Il dittico scenico, scisso in due tempi slegati tra loro per forma e contenuti, si è sostanziato con la rappresentazione della commedia “Ulissea siciliana”, il cui testo, scritto dal compianto Antonio Pacifico, è stato riadattato dalla regista e attrice Agata Politi.

Prima dell’inizio della rappresentazione, svoltasi presso il Centro Studi Arti e Scienze “Il cerchio”, la vicepresidente Carmela Fillioley (presidente Enzo Monica) ha sottolineato l’originalità dell’opera che, ascrivibile al genere “live”, corrisponde alla missione principale del teatro: creare cioè il senso di comunità, rafforzare l’empatia tramite la condivisione di emozioni.
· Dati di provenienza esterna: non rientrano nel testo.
lemma comm_letters_conj:
  assumes "c \<in> comm_letters G H" and "g \<in> carrier G"
  shows "g \<otimes> c \<otimes> inv g \<in> comm_letters G H"
  using assms(1) unfolding comm_letters_def
proof
  assume "c \<in> (\<lambda>c. inv c) ` comm_gens G H"
  then obtain d where d: "d \<in> comm_gens G H" "c = inv d" by blast
  then have "g \<otimes> c \<otimes> inv g = inv (g \<otimes> d \<otimes> inv g)"
    using assms(2) comm_gens_subset_carrier[OF subset] by (auto simp: inv_mult_group m_assoc)
  then show "g \<otimes> c \<otimes> inv g \<in> comm_gens G H \<union> (\<lambda>c. inv c) ` comm_gens G H"
    using comm_gens_conj[OF d(1) assms(2)] by blast
qed (use comm_gens_conj assms(2) in blast)

lemma cl_conj_le:
  assumes "y \<in> mixed_comm G H" and "g \<in> carrier G"
  shows "cl G H (g \<otimes> y \<otimes> inv g) \<le> cl G H y"
proof -
  obtain cs where cs: "set cs \<subseteq> comm_letters G H" "length cs = cl G H y" "y = foldr (\<otimes>) cs \<one>"
    using cl_obtain_word[OF subset assms(1)] by metis
  then have "g \<otimes> y \<otimes> inv g = foldr (\<otimes>) (map (\<lambda>c. g \<otimes> c \<otimes> inv g) cs) \<one>"
    using assms(2) comm_letters_subset_carrier[OF subset] by (auto simp: conj_foldr_mult)
  then show ?thesis
    using cl_le_length[of "map (\<lambda>c. g \<otimes> c \<otimes> inv g) cs" H] cs comm_letters_conj assms(2)
    by auto
qed

lemma mixed_comm_subgroup: "subgroup (mixed_comm G H) G"
  using mixed_comm_normal by (rule normal_imp_subgroup)

lemma cl_near_refl: "z \<in> carrier G \<Longrightarrow> cl_near G H 0 z z"
  unfolding cl_near_def using subgroup.one_closed[OF mixed_comm_subgroup] cl_one by force

lemma cl_near_mult:
  assumes "cl_near G H k y z" and "cl_near G H j y' z'"
  shows "cl_near G H (k + j) (y \<otimes> y') (z \<otimes> z')"
proof -
  obtain w w' where z: "z \<in> carrier G" "z' \<in> carrier G"
    and w: "w \<in> mixed_comm G H" "cl G H w \<le> k" "y = w \<otimes> z"
    and w': "w' \<in> mixed_comm G H" "cl G H w' \<le> j" "y' = w' \<otimes> z'"
    using assms unfolding cl_near_def by blast
  have wc: "w \<in> carrier G" "w' \<in> carrier G"
    using w(1) w'(1) subgroup.mem_carrier[OF mixed_comm_subgroup] by auto
  define v where "v = z \<otimes> w' \<otimes> inv z"
  have v: "v \<in> mixed_comm G H" "cl G H v \<le> j"
    using normal.inv_op_closed2[OF mixed_comm_normal z(1) w'(1)] cl_conj_le[OF w'(1) z(1)] w'(2)
    by (auto simp: v_def)
  have "y \<otimes> y' = (w \<otimes> v) \<otimes> (z \<otimes> z')"
    using w(3) w'(3) z wc by (simp add: v_def m_assoc)
  moreover have "cl G H (w \<otimes> v) \<le> k + j"
    using cl_mult_le[OF subset w(1) v(1)] w(2) v(2) by simp
  moreover have "w \<otimes> v \<in> mixed_comm G H"
    using subgroup.m_closed[OF mixed_comm_subgroup w(1) v(1)] .
  ultimately show ?thesis using z unfolding cl_near_def by blast
qed

lemma cl_near_change_conjugator:
  assumes "y \<in> H" and "g \<in> carrier G" and "f \<in> carrier G"
  shows "cl_near G H 1 (g \<otimes> y \<otimes> inv g) (f \<otimes> y \<otimes> inv f)"
proof -
  define v where "v = f \<otimes> y \<otimes> inv f"
  have v: "v \<in> H" using inv_op_closed2[OF assms(3,1)] by (simp add: v_def)
  have yc: "y \<in> carrier G" using assms(1) subset by blast
  have "g \<otimes> y \<otimes> inv g = comm G (g \<otimes> inv f) v \<otimes> v"
    using assms(2,3) yc by (simp add: comm_def v_def inv_mult_group m_assoc)
  moreover have "comm G (g \<otimes> inv f) v \<in> mixed_comm G H"
    using assms(2,3) v unfolding mixed_comm_def comm_gens_def by (blast intro: generate.incl)
  moreover have "cl G H (comm G (g \<otimes> inv f) v) \<le> 1"
    using cl_comm_le_1[OF subset _ v] assms(2,3) by simp
  ultimately show ?thesis
    using assms(3) yc unfolding cl_near_def v_def by auto
qed

lemma cl_near_mixed_comm_iff:
  "cl_near G H k y z \<Longrightarrow> y \<in> mixed_comm G H \<longleftrightarrow> z \<in> mixed_comm G H"
  unfolding cl_near_def
  by (metis mixed_comm_subgroup subgroup.m_closed subgroup.mem_carrier subgroup.m_inv_closed
      inv_mult_cancel_left)

lemma cl_le_cl_near:
  assumes "cl_near G H k y z" and "y \<in> mixed_comm G H"
  shows "cl G H z \<le> k + cl G H y"
proof -
  obtain w where z: "z \<in> carrier G" and w: "w \<in> mixed_comm G H" "cl G H w \<le> k" "y = w \<otimes> z"
    using assms(1) unfolding cl_near_def by blast
  have "w \<in> carrier G" using w(1) subgroup.mem_carrier[OF mixed_comm_subgroup] by auto
  then have "z = inv w \<otimes> y" using w(3) z by simp
  moreover have "inv w \<in> mixed_comm G H"
    using subgroup.m_inv_closed[OF mixed_comm_subgroup w(1)] .
  ultimately have "cl G H z \<le> cl G H (inv w) + cl G H y"
    using cl_mult_le[OF subset _ assms(2)] by simp
  then show ?thesis using cl_inv_le[OF subset w(1)] w(2) by simp
qed

lemma subgroup_nat_pow_closed: "x \<in> H \<Longrightarrow> x [^] (n::nat) \<in> H"
  by (induct n) auto

text \<open>
  Pulling \<open>B = f\<^sub>i z\<^sub>i f\<^sub>i\<^sup>-\<^sup>1\<close> to the left past the tail of the first product conjugates
  that tail, i.e. changes its conjugators; this is why the induction is over arbitrary \<open>g\<close>.
\<close>
lemma conj_prod_mult_cl_near:
  assumes "\<forall>i\<in>set l. y i \<in> H \<and> z i \<in> carrier G \<and> g i \<in> carrier G \<and> f i \<in> carrier G"
  shows "cl_near G H (length l) (conj_prod G y g l \<otimes> conj_prod G z f l)
           (conj_prod G (\<lambda>i. y i \<otimes> z i) f l)"
  using assms
proof (induct l arbitrary: g)
  case Nil
  then show ?case using cl_near_refl[of \<one>] by simp
next
  case (Cons i l)
  then have c: "y i \<in> H" "y i \<in> carrier G" "z i \<in> carrier G" "g i \<in> carrier G" "f i \<in> carrier G"
    and tail: "\<forall>i\<in>set l. y i \<in> H \<and> z i \<in> carrier G \<and> g i \<in> carrier G \<and> f i \<in> carrier G"
    using subset by auto
  have tail_c: "\<forall>i\<in>set l. y i \<in> carrier G \<and> g i \<in> carrier G"
    using tail subset by blast
  define B where "B = f i \<otimes> z i \<otimes> inv (f i)"
  have B: "B \<in> carrier G" using c by (simp add: B_def)
  have shift: "inv B \<otimes> conj_prod G y g l \<otimes> B = conj_prod G y (\<lambda>j. inv B \<otimes> g j) l"
    using conj_prod_conj[OF tail_c, of "inv B"] B by simp
  have head: "cl_near G H 1 (g i \<otimes> y i \<otimes> inv (g i) \<otimes> B) (f i \<otimes> (y i \<otimes> z i) \<otimes> inv (f i))"
    using cl_near_mult[OF cl_near_change_conjugator[OF c(1) c(4) c(5)] cl_near_refl[OF B]] c
    by (simp add: B_def m_assoc)
  have "\<forall>j\<in>set l. y j \<in> H \<and> z j \<in> carrier G \<and> inv B \<otimes> g j \<in> carrier G \<and> f j \<in> carrier G"
    using tail B by auto
  from cl_near_mult[OF head Cons.hyps[OF this]]
  have "cl_near G H (length (i # l))
      ((g i \<otimes> y i \<otimes> inv (g i) \<otimes> B) \<otimes> (inv B \<otimes> conj_prod G y g l \<otimes> B \<otimes> conj_prod G z f l))
      (conj_prod G (\<lambda>i. y i \<otimes> z i) f (i # l))"
    by (simp add: shift)
  moreover have "conj_prod G y g l \<in> carrier G" "conj_prod G z f l \<in> carrier G"
    using tail tail_c subset by (auto intro: conj_prod_closed)
  ultimately show ?case using c B by (simp add: B_def m_assoc)
qed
Della commedia, comunque, è stata offerta una versione ridotta, perché la rappresentazione integrale, ha detto la regista Agata Politi, verterà sulla soluzione del giallo: “Ju vulissi sapiri – dichiara Penelope (Letizia Cannizzaro) – cu’ è ca di notti mi scusi ‘stu coprilettu”.

Del gruppo artistico “Teatro e cultura” fanno parte pure: Manuel Cantavespri nei panni del puerile figlio Telemaco, che la stessa madre definisce ‘ntuntutu, e che va da un posto all’altro in sella a un cavalluccio; le due cameriere, Marilice Vittorio (Angellina), assai pettegola – “Nun sacciu si pozzu parrari, ma ppi vui fazzu ‘n’eccezioni”, ripete come un refrain e, poi, “Ulisse era ‘n gran fimminaru, inquietava macari a mia” – ed Elisa Urso (la cameriera Angella) che dall’altra impara il mestiere; Roberto Lombardo, il signor Procio che, residente in una delle case di Penelope, ritarda nel pagarle la pigione, e la figlia Elena (Jessica Amodeo) che lui non esita a chiamare cretina; Santi Mantineo, il messaggero Hermes, ‘u sparritteru; Camillo Biondo, il cavaliere Alcino che, pretendente di Penelope, quando la va a trovare le porta sempre delle galline; e naturalmente Giovanni Barbaro, Ulisse, ‘u fimminaru, ca na ssa casa si sinteva accupari e ca quannu torna dici ca n’ha vistu assai, cosa di farici ‘n poema. (Giordana Midolo è la truccatrice).

Lo spettacolo, dunque, si è trasformato in rappresentazione orizzontale, in cui si annulla la distinzione tra la scena e il pubblico e il canto degli spettatori, assieme a Nadia Germanio, Santi Mantineo e Antonio Loddo (E vui durmiti ancora, Comu l’unna, Reginella, ecc…), è diventato voce dell’anima mediterranea.